"""

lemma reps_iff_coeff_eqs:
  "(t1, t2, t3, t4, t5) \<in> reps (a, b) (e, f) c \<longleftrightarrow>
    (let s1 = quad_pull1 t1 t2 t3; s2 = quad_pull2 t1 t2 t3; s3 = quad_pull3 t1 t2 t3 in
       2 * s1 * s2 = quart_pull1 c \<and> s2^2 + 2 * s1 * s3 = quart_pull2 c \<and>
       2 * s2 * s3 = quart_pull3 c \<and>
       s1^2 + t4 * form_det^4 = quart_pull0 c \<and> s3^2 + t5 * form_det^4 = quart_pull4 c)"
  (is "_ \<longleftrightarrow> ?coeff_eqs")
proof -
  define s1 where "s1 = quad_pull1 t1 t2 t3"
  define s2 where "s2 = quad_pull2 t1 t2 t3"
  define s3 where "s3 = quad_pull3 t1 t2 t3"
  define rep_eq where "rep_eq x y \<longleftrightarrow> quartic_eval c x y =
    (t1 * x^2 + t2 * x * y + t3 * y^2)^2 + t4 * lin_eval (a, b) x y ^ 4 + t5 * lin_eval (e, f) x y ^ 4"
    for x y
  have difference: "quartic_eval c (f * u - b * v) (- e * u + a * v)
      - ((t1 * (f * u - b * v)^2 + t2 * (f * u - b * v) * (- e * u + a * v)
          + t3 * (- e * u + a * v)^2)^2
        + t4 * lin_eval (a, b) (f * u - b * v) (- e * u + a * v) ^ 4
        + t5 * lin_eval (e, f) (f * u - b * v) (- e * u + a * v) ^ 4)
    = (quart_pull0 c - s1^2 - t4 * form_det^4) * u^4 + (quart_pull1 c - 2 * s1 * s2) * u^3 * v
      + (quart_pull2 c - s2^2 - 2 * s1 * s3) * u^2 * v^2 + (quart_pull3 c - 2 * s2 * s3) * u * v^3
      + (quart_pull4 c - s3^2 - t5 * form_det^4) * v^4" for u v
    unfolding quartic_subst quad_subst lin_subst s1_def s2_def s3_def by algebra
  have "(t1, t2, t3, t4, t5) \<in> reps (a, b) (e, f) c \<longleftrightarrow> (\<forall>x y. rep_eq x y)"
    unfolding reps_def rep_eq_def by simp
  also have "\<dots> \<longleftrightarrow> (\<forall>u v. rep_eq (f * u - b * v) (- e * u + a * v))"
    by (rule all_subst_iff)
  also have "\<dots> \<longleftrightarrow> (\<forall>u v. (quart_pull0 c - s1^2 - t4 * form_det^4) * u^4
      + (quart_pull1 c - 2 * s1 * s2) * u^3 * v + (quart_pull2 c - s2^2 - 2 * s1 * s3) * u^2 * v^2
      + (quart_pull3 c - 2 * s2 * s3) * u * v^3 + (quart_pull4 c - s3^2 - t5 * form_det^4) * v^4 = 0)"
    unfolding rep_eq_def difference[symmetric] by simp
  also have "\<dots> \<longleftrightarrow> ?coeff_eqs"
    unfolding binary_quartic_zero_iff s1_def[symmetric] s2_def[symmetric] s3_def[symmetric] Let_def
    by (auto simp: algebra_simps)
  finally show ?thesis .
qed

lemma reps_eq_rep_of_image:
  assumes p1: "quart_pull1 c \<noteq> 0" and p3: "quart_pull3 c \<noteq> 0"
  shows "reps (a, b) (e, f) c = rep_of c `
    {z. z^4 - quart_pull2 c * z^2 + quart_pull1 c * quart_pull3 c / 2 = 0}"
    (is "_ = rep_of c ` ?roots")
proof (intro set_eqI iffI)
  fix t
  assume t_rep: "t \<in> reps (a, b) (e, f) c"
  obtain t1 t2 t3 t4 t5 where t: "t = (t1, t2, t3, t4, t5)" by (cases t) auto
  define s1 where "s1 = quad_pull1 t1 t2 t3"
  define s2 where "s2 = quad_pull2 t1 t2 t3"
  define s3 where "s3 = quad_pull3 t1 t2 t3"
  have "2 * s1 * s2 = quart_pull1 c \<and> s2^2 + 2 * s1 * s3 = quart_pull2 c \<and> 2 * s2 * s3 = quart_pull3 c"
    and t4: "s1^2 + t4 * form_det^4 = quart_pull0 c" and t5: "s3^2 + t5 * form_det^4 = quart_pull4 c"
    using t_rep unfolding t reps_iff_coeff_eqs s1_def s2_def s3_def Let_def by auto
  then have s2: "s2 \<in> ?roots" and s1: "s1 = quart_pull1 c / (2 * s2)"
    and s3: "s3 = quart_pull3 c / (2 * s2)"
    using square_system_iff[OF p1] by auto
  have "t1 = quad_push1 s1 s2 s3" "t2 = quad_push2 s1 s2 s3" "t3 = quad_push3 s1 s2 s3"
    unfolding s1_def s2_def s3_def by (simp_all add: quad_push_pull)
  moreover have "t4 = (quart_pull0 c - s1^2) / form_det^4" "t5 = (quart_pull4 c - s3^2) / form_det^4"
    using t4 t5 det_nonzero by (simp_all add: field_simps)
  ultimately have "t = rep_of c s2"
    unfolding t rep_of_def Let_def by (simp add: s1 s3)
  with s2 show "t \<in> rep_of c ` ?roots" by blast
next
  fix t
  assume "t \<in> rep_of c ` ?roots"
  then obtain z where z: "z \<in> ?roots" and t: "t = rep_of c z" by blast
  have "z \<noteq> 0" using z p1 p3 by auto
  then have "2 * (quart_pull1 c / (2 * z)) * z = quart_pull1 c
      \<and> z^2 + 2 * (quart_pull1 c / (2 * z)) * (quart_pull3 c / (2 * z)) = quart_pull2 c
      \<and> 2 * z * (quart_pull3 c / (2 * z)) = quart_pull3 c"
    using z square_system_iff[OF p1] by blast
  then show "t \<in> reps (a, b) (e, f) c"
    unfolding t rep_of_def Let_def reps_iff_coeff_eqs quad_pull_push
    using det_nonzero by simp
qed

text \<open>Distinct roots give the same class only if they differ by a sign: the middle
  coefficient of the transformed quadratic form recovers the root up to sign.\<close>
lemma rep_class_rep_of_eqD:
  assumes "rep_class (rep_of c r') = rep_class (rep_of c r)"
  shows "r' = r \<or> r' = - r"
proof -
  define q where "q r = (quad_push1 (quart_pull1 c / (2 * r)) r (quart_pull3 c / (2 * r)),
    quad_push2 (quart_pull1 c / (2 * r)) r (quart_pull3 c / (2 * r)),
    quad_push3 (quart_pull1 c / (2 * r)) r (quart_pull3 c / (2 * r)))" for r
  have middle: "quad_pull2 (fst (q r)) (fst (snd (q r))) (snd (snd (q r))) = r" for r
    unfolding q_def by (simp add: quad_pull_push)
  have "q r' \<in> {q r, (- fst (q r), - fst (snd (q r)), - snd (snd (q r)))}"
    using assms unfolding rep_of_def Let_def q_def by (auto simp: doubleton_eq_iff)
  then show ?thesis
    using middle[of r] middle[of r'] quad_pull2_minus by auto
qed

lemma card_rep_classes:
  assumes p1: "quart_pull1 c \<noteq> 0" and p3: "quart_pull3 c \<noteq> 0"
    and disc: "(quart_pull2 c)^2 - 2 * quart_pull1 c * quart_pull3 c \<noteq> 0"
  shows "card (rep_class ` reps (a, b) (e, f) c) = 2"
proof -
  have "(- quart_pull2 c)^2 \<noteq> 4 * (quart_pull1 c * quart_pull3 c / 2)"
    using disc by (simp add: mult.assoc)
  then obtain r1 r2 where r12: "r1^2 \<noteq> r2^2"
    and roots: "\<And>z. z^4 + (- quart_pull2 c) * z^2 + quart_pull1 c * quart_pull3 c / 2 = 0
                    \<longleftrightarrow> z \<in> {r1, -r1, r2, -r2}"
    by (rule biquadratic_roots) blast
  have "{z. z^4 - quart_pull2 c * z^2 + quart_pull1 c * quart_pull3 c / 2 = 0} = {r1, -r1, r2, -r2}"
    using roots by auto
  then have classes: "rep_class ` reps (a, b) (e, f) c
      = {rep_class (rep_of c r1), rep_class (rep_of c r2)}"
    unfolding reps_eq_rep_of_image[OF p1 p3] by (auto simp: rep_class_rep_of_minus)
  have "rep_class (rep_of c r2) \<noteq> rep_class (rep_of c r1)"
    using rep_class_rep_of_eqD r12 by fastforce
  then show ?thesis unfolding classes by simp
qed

"""
"""

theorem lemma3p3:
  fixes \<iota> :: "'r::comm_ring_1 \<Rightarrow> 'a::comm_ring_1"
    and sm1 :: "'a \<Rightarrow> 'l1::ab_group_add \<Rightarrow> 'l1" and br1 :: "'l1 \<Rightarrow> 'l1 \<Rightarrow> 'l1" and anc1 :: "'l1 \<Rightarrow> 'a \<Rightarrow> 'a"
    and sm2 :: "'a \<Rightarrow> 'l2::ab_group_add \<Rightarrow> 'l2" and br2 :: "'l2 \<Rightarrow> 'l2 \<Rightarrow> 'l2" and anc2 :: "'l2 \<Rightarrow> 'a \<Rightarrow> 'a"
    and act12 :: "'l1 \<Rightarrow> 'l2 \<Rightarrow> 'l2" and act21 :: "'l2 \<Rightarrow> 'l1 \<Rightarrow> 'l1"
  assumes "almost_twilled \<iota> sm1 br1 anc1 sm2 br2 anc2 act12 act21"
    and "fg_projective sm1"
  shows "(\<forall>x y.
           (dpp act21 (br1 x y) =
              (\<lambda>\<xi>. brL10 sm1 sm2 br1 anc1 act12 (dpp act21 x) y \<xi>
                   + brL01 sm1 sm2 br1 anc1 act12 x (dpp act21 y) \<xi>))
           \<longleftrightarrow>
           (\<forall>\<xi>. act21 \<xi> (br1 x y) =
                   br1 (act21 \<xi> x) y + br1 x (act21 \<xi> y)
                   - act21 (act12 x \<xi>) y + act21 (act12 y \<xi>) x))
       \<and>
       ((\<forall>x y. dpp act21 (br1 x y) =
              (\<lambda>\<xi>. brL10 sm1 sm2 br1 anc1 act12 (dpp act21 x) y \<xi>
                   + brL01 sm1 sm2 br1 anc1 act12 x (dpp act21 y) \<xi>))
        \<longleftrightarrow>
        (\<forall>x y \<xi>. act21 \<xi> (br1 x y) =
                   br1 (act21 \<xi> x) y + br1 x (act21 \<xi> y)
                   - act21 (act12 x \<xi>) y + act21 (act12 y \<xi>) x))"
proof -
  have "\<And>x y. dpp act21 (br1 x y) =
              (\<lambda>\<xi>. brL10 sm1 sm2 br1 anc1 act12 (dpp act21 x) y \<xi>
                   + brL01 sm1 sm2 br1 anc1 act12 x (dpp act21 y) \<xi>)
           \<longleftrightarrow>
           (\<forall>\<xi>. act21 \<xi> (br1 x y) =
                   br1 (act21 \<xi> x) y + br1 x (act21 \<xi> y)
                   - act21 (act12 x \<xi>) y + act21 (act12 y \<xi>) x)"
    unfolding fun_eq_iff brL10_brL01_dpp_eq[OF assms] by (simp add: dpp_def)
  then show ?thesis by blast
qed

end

"""

• What you need to do: Show, from the listing above, every line holding the word "using".

• Result below:
    using t_rep unfolding t reps_iff_coeff_eqs s1_def s2_def s3_def Let_def by auto
    using square_system_iff[OF p1] by auto
    using t4 t5 det_nonzero by (simp_all add: field_simps)
  have "z \<noteq> 0" using z p1 p3 by auto
    using z square_system_iff[OF p1] by blast
    using det_nonzero by simp
    using assms unfolding rep_of_def Let_def q_def by (auto simp: doubleton_eq_iff)
    using middle[of r] middle[of r'] quad_pull2_minus by auto
    using disc by (simp add: mult.assoc)
    using roots by auto
    using rep_class_rep_of_eqD r12 by fastforce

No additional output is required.